[As featured on Faces of Loss, Faces of Hope]
October 15th is National Pregnancy & Infant Loss Day.
Last October 15th, I was blissfully, naively pregnant — as one should be — taking belly photos with my husband and dreaming about finally being a family of three. After struggling with infertility for over 2 years, we were pregnant! We had seen the baby! And the heartbeat! We were over the moon.
Little did I know, by that time, our sweet baby had already slipped away. She was gone and I was none the wiser. Isn’t a mother supposed to know when her child is no longer alive? I did not. It wasn’t until a routine ultrasound on October 23rd, that my doctor would say the words that changed everything: I’m afraid I don’t have good news. And for what seemed like an eternity — I stared at the motionless screen, along with my doctor and the ultrasound technician — desperately hoping for some sign of life.

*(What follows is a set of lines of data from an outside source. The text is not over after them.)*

lemma vfield_Dt:
  assumes f: "jsmooth f" and ord: "jet_order f m"
  shows "vfield a \<xi> (Suc m) (Dt f) p = a p * Dt (pd T f) p
      + (\<Sum>i\<le>m. \<xi> i p * Dt (pd (X i) f) p) + (\<Sum>j\<le>m. \<xi> (Suc j) p * pd (X j) f p)"
proof -
  have "pd (X (Suc m)) f = (\<lambda>q. 0)"
    using pd_beyond_order[OF ord] by auto
  then have "(\<Sum>i\<le>Suc m. \<xi> i p * Dt (pd (X i) f) p) = (\<Sum>i\<le>m. \<xi> i p * Dt (pd (X i) f) p)"
    by (simp add: Dt_zero)
  moreover have "(\<Sum>i\<le>Suc m. \<xi> i p * (case i of 0 \<Rightarrow> 0 | Suc j \<Rightarrow> pd (X j) f p))
      = (\<Sum>j\<le>m. \<xi> (Suc j) p * pd (X j) f p)"
    by (simp add: sum.atMost_Suc_shift del: sum.atMost_Suc)
  ultimately show ?thesis
    by (simp add: vfield_def pd_Dt[OF f] distrib_left sum.distrib del: sum.atMost_Suc)
qed

lemma Dt_vfield:
  assumes "a \<in> jet_algebra" "\<And>i. \<xi> i \<in> jet_algebra" "f \<in> jet_algebra"
  shows "Dt (vfield a \<xi> k f) p = Dt a p * pd T f p + a p * Dt (pd T f) p
      + (\<Sum>i\<le>k. Dt (\<xi> i) p * pd (X i) f p + \<xi> i p * Dt (pd (X i) f) p)"
proof -
  have "vfield a \<xi> k f = (\<lambda>q. a q * pd T f q + (\<Sum>i\<le>k. \<xi> i q * pd (X i) f q))"
    by (rule ext) (rule vfield_def)
  then show ?thesis
    by (simp add: Dt_add Dt_mult Dt_sum jet_algebra.mult jet_algebra_sum jet_algebra_pd assms)
qed

lemma vfield_Dt_commutator:
  assumes a: "a \<in> jet_algebra" and \<xi>: "\<And>i. \<xi> i \<in> jet_algebra"
    and f: "jsmooth f" and ord: "jet_order f m"
  shows "vfield a \<xi> (Suc m) (Dt f) p - Dt (vfield a \<xi> (Suc m) f) p
      = - Dt a p * pd T f p + (\<Sum>j\<le>m. (\<xi> (Suc j) p - Dt (\<xi> j) p) * pd (X j) f p)"
proof -
  have "Dt (vfield a \<xi> (Suc m) f) p = Dt a p * pd T f p + a p * Dt (pd T f) p
      + (\<Sum>i\<le>m. Dt (\<xi> i) p * pd (X i) f p + \<xi> i p * Dt (pd (X i) f) p)"
    unfolding vfield_Suc_order[OF ord] using a \<xi> f by (simp add: Dt_vfield jet_algebra.smooth)
  then show ?thesis
    by (simp add: vfield_Dt[OF f ord] sum.distrib left_diff_distrib sum_subtractf)
qed

section \<open>Telescopic vector fields\<close>

lemma tgam_Suc:
  assumes "\<forall>p. b p - a p * p (X 1) \<noteq> 0"
  shows "tgam a b g1 (Suc j) p = Dt (tgam a b g1 j) p - Dt a p * p (X (Suc j))
     + tlam a b g1 p * (tgam a b g1 j p - a p * p (X (Suc j)))"
proof (cases j)
  case 0
  have "b p - p (X 1) * a p \<noteq> 0" using assms by (metis mult.commute)
  with 0 show ?thesis by (simp add: tlam_def field_simps)
qed simp

lemma tgam_eq_prolong:
  assumes "\<forall>p. b p - a p * p (X 1) \<noteq> 0"
  shows "tgam a b g1 j = prolong a b (tlam a b g1) j"
proof (induction j)
  case (Suc j)
  show ?case by (rule ext) (simp only: tgam_Suc[OF assms] prolong.simps Suc)
qed simp

lemma jet_algebra_tlam:
  assumes "jsmooth a" "jsmooth b" "jsmooth g1" and nz: "\<forall>p. b p - a p * p (X 1) \<noteq> 0"
  shows "tlam a b g1 \<in> jet_algebra"
proof -
  have "tlam a b g1 = (\<lambda>p. (g1 p + p (X 1) * Dt a p - Dt b p) * inverse (b p - p (X 1) * a p))"
    by (rule ext) (simp add: tlam_def divide_inverse)
  moreover have "\<forall>p. b p - p (X 1) * a p \<noteq> 0" using nz by (simp add: mult.commute)
  ultimately show ?thesis
    by (simp only:) (intro jet_algebra.intros jet_algebra_Dt assms)
qed

lemma jet_algebra_tgam:
  assumes "jsmooth a" "jsmooth b" "jsmooth g1" and nz: "\<forall>p. b p - a p * p (X 1) \<noteq> 0"
  shows "tgam a b g1 j \<in> jet_algebra"
proof (induction j)
  case 0
  then show ?case using assms by (simp add: jet_algebra.smooth)
next
  case (Suc j)
  have "tgam a b g1 (Suc j) = (\<lambda>p. Dt (tgam a b g1 j) p - Dt a p * p (X (Suc j))
     + tlam a b g1 p * (tgam a b g1 j p - a p * p (X (Suc j))))"
    by (rule ext) (rule tgam_Suc[OF nz])
  then show ?case
    by (simp only:) (intro jet_algebra.intros jet_algebra_Dt jet_algebra_tlam assms Suc)
qed
(* Consider the ReLU network with skipped connections, training data $(x^{(i)},y^{(i)})_{i=1}^T\subset\mathbb R^{d_0}\times\mathbb R^{d_0}$ and cost $C=\frac12\sum_{i=1}^T\|F(x^{(i)})-y^{(i)}\|^2$. Fix $l\in[\kappa]$ and define the gradient of $C$ with respect to $\tilde S^l$ (treated as a free matrix) by the chain-rule expression $$\nabla_{\tilde S^l}C:=\sum_{i=1}^T\big(\chi^l(x^{(i)})\otimes I_{d_{l-1}}\big)\,\tilde\Lambda^l(x^{(i)})\,\tilde\Upsilon^{l-1}(x^{(i)})^\top\big(F(x^{(i)})-y^{(i)}\big)\in\mathbb R^{s_ld_{l-1}}$$ (this is the true gradient with respect to $\mathrm{vec}(\tilde S^l)$ whenever no decoder pre-activation at layers $1,\dots,l$ vanishes at any training input). Let $\Gamma^l=[\chi^l(x^{(1)})\cdots\chi^l(x^{(T)})]\in\mathbb R^{s_l\times T}$ and assume $s_l\ge T$ and $d_{l-1}\ge d_0$. Then $$\|\nabla_{\tilde S^l}C\|_F\ge\sigma_{\min}(\Gamma^l)\,\min_{i\in[T]}\sigma_{\min}\big(\tilde\Lambda^l(x^{(i)})\tilde\Upsilon^{l-1}(x^{(i)})^\top\big)\sqrt{2C}$$ and $$\|\nabla_{\tilde S^l}C\|_F\le\sigma_{\max}(\Gamma^l)\,\max_{i\in[T]}\sigma_{\max}\big(\tilde\Lambda^l(x^{(i)})\tilde\Upsilon^{l-1}(x^{(i)})^\top\big)\sqrt{2C}.$$
   Context: For $A\in\mathbb R^{n\times m}$ with $n\ge m$, $\sigma_{\min}(A)$ and $\sigma_{\max}(A)$ denote the smallest and largest of its $m$ singular values. $\otimes$ is the Kronecker product, $\|\cdot\|_F$ the Frobenius (Euclidean) norm, $\sigma(t)=\max(t,0)$ entrywise, $[n]=\{1,\dots,n\}$. Network with skipped connections on inputs $x\in\mathbb R^{d_0}$, with layer dimensions $d_0,\dots,d_\kappa$ and skip dimensions $s_1,\dots,s_\kappa$: given matrices $E^l\in\mathbb R^{d_{l-1}\times d_l}$, $D^l\in\mathbb R^{d_{l-1}\times d_l}$, $S^l\in\mathbb R^{d_{l-1}\times s_l}$, $\tilde S^l\in\mathbb R^{d_{l-1}\times s_l}$ ($l\in[\kappa]$), define $\xi^0=x$, $\xi^l=\sigma(E^{l\top}\xi^{l-1})$, $\chi^l=\sigma(S^{l\top}\xi^{l-1})$, $\tilde\xi^\kappa=\xi^\kappa$, $\tilde\xi^{l-1}=\sigma(D^l\tilde\xi^l+\tilde S^l\chi^l)$ (decoder pre-activation at layer $l$: $D^l\tilde\xi^l+\tilde S^l\chi^l$), $F(x)=\tilde\xi^0$. $\tilde\Lambda^l(x)\in\mathbb R^{d_{l-1}\times d_{l-1}}$ is diagonal with $i$-th entry $1$ if the $i$-th decoder pre-activation at layer $l$ is $>0$ and $0$ otherwise; $\tilde\Upsilon^0=I_{d_0}$, $\tilde\Upsilon^l(x)=\tilde\Upsilon^{l-1}(x)\tilde\Lambda^l(x)D^l\in\mathbb R^{d_0\times d_l}$. *)

theory Defs
  imports Complex_Main "Jordan_Normal_Form.Char_Poly"
begin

Please… something, anything… please…
But there was nothing to be seen, just a tiny shadow frozen in time. She was gone.
After the D and C, and the misoprostol, and the vicodin-induced haze, I packed all of the pregnancy tests, and the congratulatory cards, and the sympathy cards, and the photos into a small wooden box and closed the lid — an entire life in one small box. I couldn’t put the box away because I couldn’t figure out where such a box should go. Under the bed? On a shelf? Nothing seemed right. I didn’t know what to do. I was lost.

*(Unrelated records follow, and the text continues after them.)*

lemma antitone_level_dichotomy:
  fixes h h0 :: "real \<Rightarrow> real"
  assumes h0_anti: "\<forall>x\<in>{x0..x0 + a}. \<forall>x'\<in>{x0..x0 + a}. x \<le> x' \<longrightarrow> h0 x' \<le> h0 x"
    and h0_lcont: "continuous (at_left q) h0"
    and pq: "x0 \<le> p" "p < q" "q \<le> x0 + a"
    and h_between: "\<forall>x\<in>{p<..q}. h0 q \<le> h x \<and> h x \<le> Lim (at_right p) h0"
    and inv_outside: "inv_set x0 a h0 (ereal y) \<noteq> {} \<Longrightarrow>
      \<not> (p < gen_inv x0 a h0 (ereal y) \<and> gen_inv x0 a h0 (ereal y) < q)"
  shows "on_same_side {p<..q} h0 h y"
proof -
  define S where "S = inv_set x0 a h0 (ereal y)"
  have S: "S = {x \<in> {x0..x0 + a}. y \<le> h0 x}" unfolding S_def inv_set_def by simp
  have bdd: "bdd_above S" unfolding S by (rule bdd_aboveI[of _ "x0 + a"]) auto
  \<comment> \<open>Sup S is where h0 falls below y; by assumption it is not inside the open cell.\<close>
  show ?thesis
  proof (cases "S \<noteq> {} \<and> q \<le> Sup S")
    case True
    have above: "y \<le> h0 x" if "x0 \<le> x" "x < q" for x
    proof -
      have "x < Sup S" using True that by simp
      then obtain s where s: "s \<in> S" "x < s" using True less_cSup_iff[OF _ bdd] by blast
      then have "x0 \<le> s" "s \<le> x0 + a" "y \<le> h0 s" unfolding S by auto
      moreover have "h0 s \<le> h0 x"
        using h0_anti[rule_format, of x s] that s(2) \<open>s \<le> x0 + a\<close> by simp
      ultimately show ?thesis by linarith
    qed
    have "eventually (\<lambda>x. y \<le> h0 x) (at_left q)"
      using eventually_at_left_real[OF le_less_trans[OF pq(1,2)]]
      by (rule eventually_mono) (auto intro: above)
    with h0_lcont have "y \<le> h0 q"
      by (intro tendsto_lowerbound[of h0 _ "at_left q"]) (auto simp: continuous_within)
    moreover have "h0 q \<le> h0 x" if "x \<in> {p<..q}" for x using h0_anti that pq by auto
    ultimately have "\<forall>x\<in>{p<..q}. y \<le> h0 x \<and> y \<le> h x"
      using h_between by (blast intro: order_trans)
    then show ?thesis unfolding on_same_side_def by blast
  next
    case False
    have below: "h0 x < y" if x: "x \<in> {p<..q}" for x
    proof (rule ccontr)
      assume "\<not> h0 x < y"
      then have xS: "x \<in> S" unfolding S using x pq by auto
      then have "S \<noteq> {}" "Sup S < q" using False by auto
      then have "Sup S \<le> p" using inv_outside unfolding S_def gen_inv_def by force
      with cSup_upper[OF xS bdd] x show False by auto
    qed
    obtain L where L: "(h0 \<longlongrightarrow> L) (at_right p)"
      using antitone_on_has_right_limit[OF h0_anti] pq by fastforce
    have "L \<le> y"
    proof (rule tendsto_upperbound[OF L])
      show "eventually (\<lambda>x. h0 x \<le> y) (at_right p)"
        using eventually_at_right_real[OF pq(2)]
        by (rule eventually_mono) (use below in \<open>fastforce intro: less_imp_le\<close>)
    qed simp
    moreover have "Lim (at_right p) h0 = L" using L by (intro tendsto_Lim) auto
    ultimately have "\<forall>x\<in>{p<..q}. h0 x \<le> y \<and> h x \<le> y"
      using below h_between by (blast intro: order_trans less_imp_le)
    then show ?thesis unfolding on_same_side_def by blast
  qed
qed

subsection \<open>Masses of hypographs\<close>

lemma nn_integral_indicator_Icc_Ioc:
  fixes f :: "real \<Rightarrow> ennreal"
  shows "(\<integral>\<^sup>+x. indicator {p..q} x * f x \<partial>lborel) = (\<integral>\<^sup>+x. indicator {p<..q} x * f x \<partial>lborel)"
  by (rule nn_integral_cong_AE)
    (use AE_lborel_singleton[of p] in \<open>eventually_elim, auto simp: indicator_def\<close>)

lemma emeasure_hypograph_strip:
  fixes g :: "real \<Rightarrow> real"
  assumes [measurable]: "g \<in> borel_measurable borel"
  shows "emeasure lborel {(x, y). l \<le> x \<and> x \<le> u \<and> c \<le> y \<and> y \<le> g x}
       = (\<integral>\<^sup>+x. indicator {l..u} x * ennreal (g x - c) \<partial>lborel)"
proof -
  let ?S = "{(x, y). l \<le> x \<and> x \<le> u \<and> c \<le> y \<and> y \<le> g x}"
  have "{p \<in> space (borel \<Otimes>\<^sub>M borel). l \<le> fst p \<and> fst p \<le> u \<and> c \<le> snd p \<and> snd p \<le> g (fst p)}
      \<in> sets (borel \<Otimes>\<^sub>M (borel :: real measure))"
    by measurable
  moreover have "{p \<in> space (borel \<Otimes>\<^sub>M borel). l \<le> fst p \<and> fst p \<le> u \<and> c \<le> snd p \<and> snd p \<le> g (fst p)}
      = ?S"
    by (auto simp: space_pair_measure)
  ultimately have S: "?S \<in> sets (lborel \<Otimes>\<^sub>M lborel)"
    by (simp add: sets_pair_measure_cong[OF sets_lborel sets_lborel])
  have slice: "Pair x -` ?S = (if l \<le> x \<and> x \<le> u then {c..g x} else {})" for x
    by auto
  have "emeasure lborel ?S = emeasure (lborel \<Otimes>\<^sub>M lborel) ?S" by (simp add: lborel_prod)
  also have "\<dots> = (\<integral>\<^sup>+x. emeasure lborel (Pair x -` ?S) \<partial>lborel)"
    by (rule lborel.emeasure_pair_measure_alt[OF S])
  also have "\<dots> = (\<integral>\<^sup>+x. indicator {l..u} x * ennreal (g x - c) \<partial>lborel)"
    unfolding slice by (intro nn_integral_cong) (auto simp: emeasure_lborel_Icc_eq ennreal_neg)
  finally show ?thesis .
qed

lemma borel_measurable_antitone_clamp:
  fixes g :: "real \<Rightarrow> real"
  assumes anti: "\<forall>x\<in>{l..u}. \<forall>x'\<in>{l..u}. x \<le> x' \<longrightarrow> g x' \<le> g x" and "l \<le> u"
  shows "(\<lambda>x. g (max l (min u x))) \<in> borel_measurable borel"
proof -
  have "mono (\<lambda>x. - g (max l (min u x)))"
    by (rule monoI) (use anti \<open>l \<le> u\<close> in auto)
  then have "(\<lambda>x. - (- g (max l (min u x)))) \<in> borel_measurable borel"
    by (intro borel_measurable_uminus borel_measurable_mono)
  then show ?thesis by simp
qed

lemma nn_integral_Ioc_lift_level:
  fixes g :: "real \<Rightarrow> real"
  assumes [measurable]: "g \<in> borel_measurable borel"
    and "y0 \<le> c" "p \<le> q" and above: "\<forall>x\<in>{p<..q}. c \<le> g x"
  shows "(\<integral>\<^sup>+x. indicator {p<..q} x * ennreal (g x - y0) \<partial>lborel)
       = (\<integral>\<^sup>+x. indicator {p<..q} x * ennreal (g x - c) \<partial>lborel) + ennreal ((c - y0) * (q - p))"
proof -
  have "indicator {p<..q} x * ennreal (g x - y0)
      = indicator {p<..q} x * ennreal (g x - c) + ennreal (c - y0) * indicator {p<..q} x" for x
    using above \<open>y0 \<le> c\<close> by (auto simp: indicator_def ennreal_plus[symmetric])
  then have "(\<integral>\<^sup>+x. indicator {p<..q} x * ennreal (g x - y0) \<partial>lborel)
      = (\<integral>\<^sup>+x. indicator {p<..q} x * ennreal (g x - c) \<partial>lborel)
        + (\<integral>\<^sup>+x. ennreal (c - y0) * indicator {p<..q} x \<partial>lborel)"
    by (simp add: nn_integral_add)
  also have "(\<integral>\<^sup>+x. ennreal (c - y0) * indicator {p<..q} x \<partial>lborel) = ennreal ((c - y0) * (q - p))"
    using assms(2,3) by (simp add: nn_integral_cmult_indicator ennreal_mult)
  finally show ?thesis .
qed

lemma nn_integral_truncation_eq:
  fixes g g0 :: "real \<Rightarrow> real"
  assumes [measurable]: "g \<in> borel_measurable borel" "g0 \<in> borel_measurable borel"
    and "p \<le> q"
    and mass_eq: "(\<integral>\<^sup>+x. indicator {p<..q} x * ennreal (g x - y0) \<partial>lborel)
              = (\<integral>\<^sup>+x. indicator {p<..q} x * ennreal (g0 x - y0) \<partial>lborel)"
    and "y0 \<le> c"
    and c: "on_same_side {p<..q} g0 g c" and C: "on_same_side {p<..q} g0 g C"
  shows "(\<integral>\<^sup>+x. indicator {p<..q} x * ennreal (min (g x) C - c) \<partial>lborel)
       = (\<integral>\<^sup>+x. indicator {p<..q} x * ennreal (min (g0 x) C - c) \<partial>lborel)"
proof -
  let ?I = "\<lambda>f. \<integral>\<^sup>+x. indicator {p<..q} x * ennreal (f x) \<partial>lborel"
  consider "\<forall>x\<in>{p<..q}. g0 x \<le> c \<and> g x \<le> c"
    | "\<forall>x\<in>{p<..q}. c \<le> g0 x \<and> c \<le> g x" "\<forall>x\<in>{p<..q}. C \<le> g0 x \<and> C \<le> g x"
    | "\<forall>x\<in>{p<..q}. c \<le> g0 x \<and> c \<le> g x" "\<forall>x\<in>{p<..q}. g0 x \<le> C \<and> g x \<le> C"
    using c C unfolding on_same_side_def by blast
  then show ?thesis
  proof cases
    case 1
    have "min (f x) C - c \<le> 0" if "f x \<le> c" for f and x :: real
      using that by linarith
    with 1 show ?thesis by (intro nn_integral_cong) (auto simp: indicator_def ennreal_neg)
  next
    case 2
    then show ?thesis by (intro nn_integral_cong) (auto simp: indicator_def)
  next
    case 3
    have trunc: "?I (\<lambda>x. min (f x) C - c) = ?I (\<lambda>x. f x - c)"
      if "\<forall>x\<in>{p<..q}. f x \<le> C" for f
      using that by (intro nn_integral_cong) (auto simp: indicator_def)
    have "?I (\<lambda>x. g x - c) + ennreal ((c - y0) * (q - p)) = ?I (\<lambda>x. g0 x - c) + ennreal ((c - y0) * (q - p))"
      using mass_eq 3 nn_integral_Ioc_lift_level[of _ y0 c p q] assms(3,5) by simp
    then show ?thesis using 3 by (simp add: trunc ennreal_add_left_cancel)
  qed
qed

lemma nn_integral_Ioc_split:
  fixes f :: "real \<Rightarrow> ennreal"
  assumes [measurable]: "f \<in> borel_measurable borel" and "p \<le> q" "q \<le> r"
  shows "(\<integral>\<^sup>+x. indicator {p<..r} x * f x \<partial>lborel)
       = (\<integral>\<^sup>+x. indicator {p<..q} x * f x \<partial>lborel) + (\<integral>\<^sup>+x. indicator {q<..r} x * f x \<partial>lborel)"
proof -
  have "indicator {p<..r} x * f x = indicator {p<..q} x * f x + indicator {q<..r} x * f x" for x
    using assms(2,3) by (auto simp: indicator_def)
  then show ?thesis by (simp add: nn_integral_add)
qed

lemma nn_integral_Ioc_telescope:
  fixes f f0 :: "real \<Rightarrow> ennreal"
  assumes [measurable]: "f \<in> borel_measurable borel" "f0 \<in> borel_measurable borel"
    and sorted: "sorted_wrt (<) xs"
    and cell: "\<And>k. Suc k < length xs \<Longrightarrow>
      (\<integral>\<^sup>+x. indicator {xs!k<..xs!Suc k} x * f x \<partial>lborel)
        = (\<integral>\<^sup>+x. indicator {xs!k<..xs!Suc k} x * f0 x \<partial>lborel)"
    and "i \<le> j" "j < length xs"
  shows "(\<integral>\<^sup>+x. indicator {xs!i<..xs!j} x * f x \<partial>lborel)
       = (\<integral>\<^sup>+x. indicator {xs!i<..xs!j} x * f0 x \<partial>lborel)"
  using assms(5,6)
proof (induction j)
  case (Suc j)
  show ?case
  proof (cases "i = Suc j")
    case False
    then have ij: "i \<le> j" and len: "Suc j < length xs" using Suc.prems by auto
    have "xs!i \<le> xs!j"
      using sorted_wrt_nth_less[OF sorted, of i j] ij len by (cases "i = j") auto
    moreover have "xs!j \<le> xs!Suc j"
      using sorted_wrt_nth_less[OF sorted, of j "Suc j"] len by simp
    ultimately show ?thesis
      using nn_integral_Ioc_split[of f "xs!i" "xs!j" "xs!Suc j"]
        nn_integral_Ioc_split[of f0 "xs!i" "xs!j" "xs!Suc j"] Suc.IH[OF ij] len cell[OF len]
      by simp
  qed simp
qed simp

lemma nn_integral_antitone_eq_integral:
  fixes g :: "real \<Rightarrow> real"
  assumes anti: "\<forall>x\<in>{p..q}. \<forall>x'\<in>{p..q}. x \<le> x' \<longrightarrow> g x' \<le> g x"
    and above: "\<forall>x\<in>{p..q}. c \<le> g x"
  shows "(\<integral>\<^sup>+x. indicator {p..q} x * ennreal (g x - c) \<partial>lborel)
       = ennreal (integral {p..q} (\<lambda>x. g x - c))"
proof -
  have "mono_on {p..q} (\<lambda>x. - g x)" using anti by (auto simp: mono_on_def)
  then have "(\<lambda>x. - g x) integrable_on {p..q}" by (rule integrable_on_mono_on)
  then have "(\<lambda>x. g x - c) integrable_on {p..q}"
    by (intro integrable_diff) (auto simp: integrable_neg_iff)
  then have "((\<lambda>x. g x - c) has_integral integral {p..q} (\<lambda>x. g x - c)) {p..q}"
    by (simp add: integrable_integral)
  with above have "(\<integral>\<^sup>+x. ennreal (g x - c) * indicator {p..q} x \<partial>lborel)
      = ennreal (integral {p..q} (\<lambda>x. g x - c))"
    by (intro nn_integral_has_integral_lebesgue') auto
  then show ?thesis by (simp add: mult.commute)
qed

lemma le_real_of_ereal_min_iff:
  assumes "ereal r \<le> z"
  shows "x \<le> real_of_ereal (min (ereal u) z) \<longleftrightarrow> x \<le> u \<and> ereal x \<le> z"
  using assms by (cases z) (auto simp: min_def)

lemma rect_Int_region:
  fixes g G :: "real \<Rightarrow> real"
  assumes "x0 \<le> x1" "ereal x1 \<le> x2" "y0 \<le> y1" "ereal y1 \<le> y2"
    and G: "\<forall>x\<in>{x0..x0 + a}. G x = g x \<and> g x \<le> y0 + b"
  shows "rect x1 x2 y1 y2 \<inter> region x0 y0 a g =
    {(x, y). x1 \<le> x \<and> x \<le> real_of_ereal (min (ereal (x0 + a)) x2)
      \<and> y1 \<le> y \<and> y \<le> min (G x) (real_of_ereal (min (ereal (y0 + b)) y2))}"
proof -
  have "(x, y) \<in> rect x1 x2 y1 y2 \<inter> region x0 y0 a g \<longleftrightarrow>
    x1 \<le> x \<and> x \<le> real_of_ereal (min (ereal (x0 + a)) x2)
      \<and> y1 \<le> y \<and> y \<le> min (G x) (real_of_ereal (min (ereal (y0 + b)) y2))" for x y
  proof (cases "x0 \<le> x \<and> x \<le> x0 + a")
    case True
    then have "G x = g x" "g x \<le> y0 + b" using G by auto
    with True show ?thesis using assms(1,3)
      by (auto simp: rect_def region_def le_real_of_ereal_min_iff[OF assms(2)]
          le_real_of_ereal_min_iff[OF assms(4)])
  next
    case False
    then have "\<not> (x1 \<le> x \<and> x \<le> real_of_ereal (min (ereal (x0 + a)) x2))"
      using assms(1) le_real_of_ereal_min_iff[OF assms(2)] by auto
    moreover have "(x, y) \<notin> region x0 y0 a g" using False by (simp add: region_def)
    ultimately show ?thesis by blast
  qed
  then show ?thesis by auto
qed

lemma OU_X_region:
  assumes "0 \<le> a" "\<forall>x\<in>{x0..x0 + a}. y0 \<le> g x"
  shows "OU_X x0 y0 (region x0 y0 a g) = ereal a"
proof -
  have "{x. (x, y0) \<in> region x0 y0 a g} = {x0..x0 + a}"
    using assms(2) unfolding region_def by auto
  moreover have "Sup (ereal ` {x0..x0 + a}) = ereal (x0 + a)"
    by (rule antisym) (use assms(1) in \<open>auto intro: Sup_upper Sup_least\<close>)
  ultimately show ?thesis unfolding OU_X_def by simp
qed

Baby loss is so very hard. No one knows what to do or to say, and truthfully, there aren’t any “right” things. There are, however, lots of “wrong” things. In my case, I wasn’t interested in hearing about adoption, or how I can, “always try again,” or how, “everything happens for a reason,” or how, “at least I know I can get pregnant,” or how a niece or a neighbor or a cousin got pregnant again right after a miscarriage. Hearing those things only made me feel damaged and broken and guilty and responsible and empty.
The only thing that helped me was space and peace and quiet.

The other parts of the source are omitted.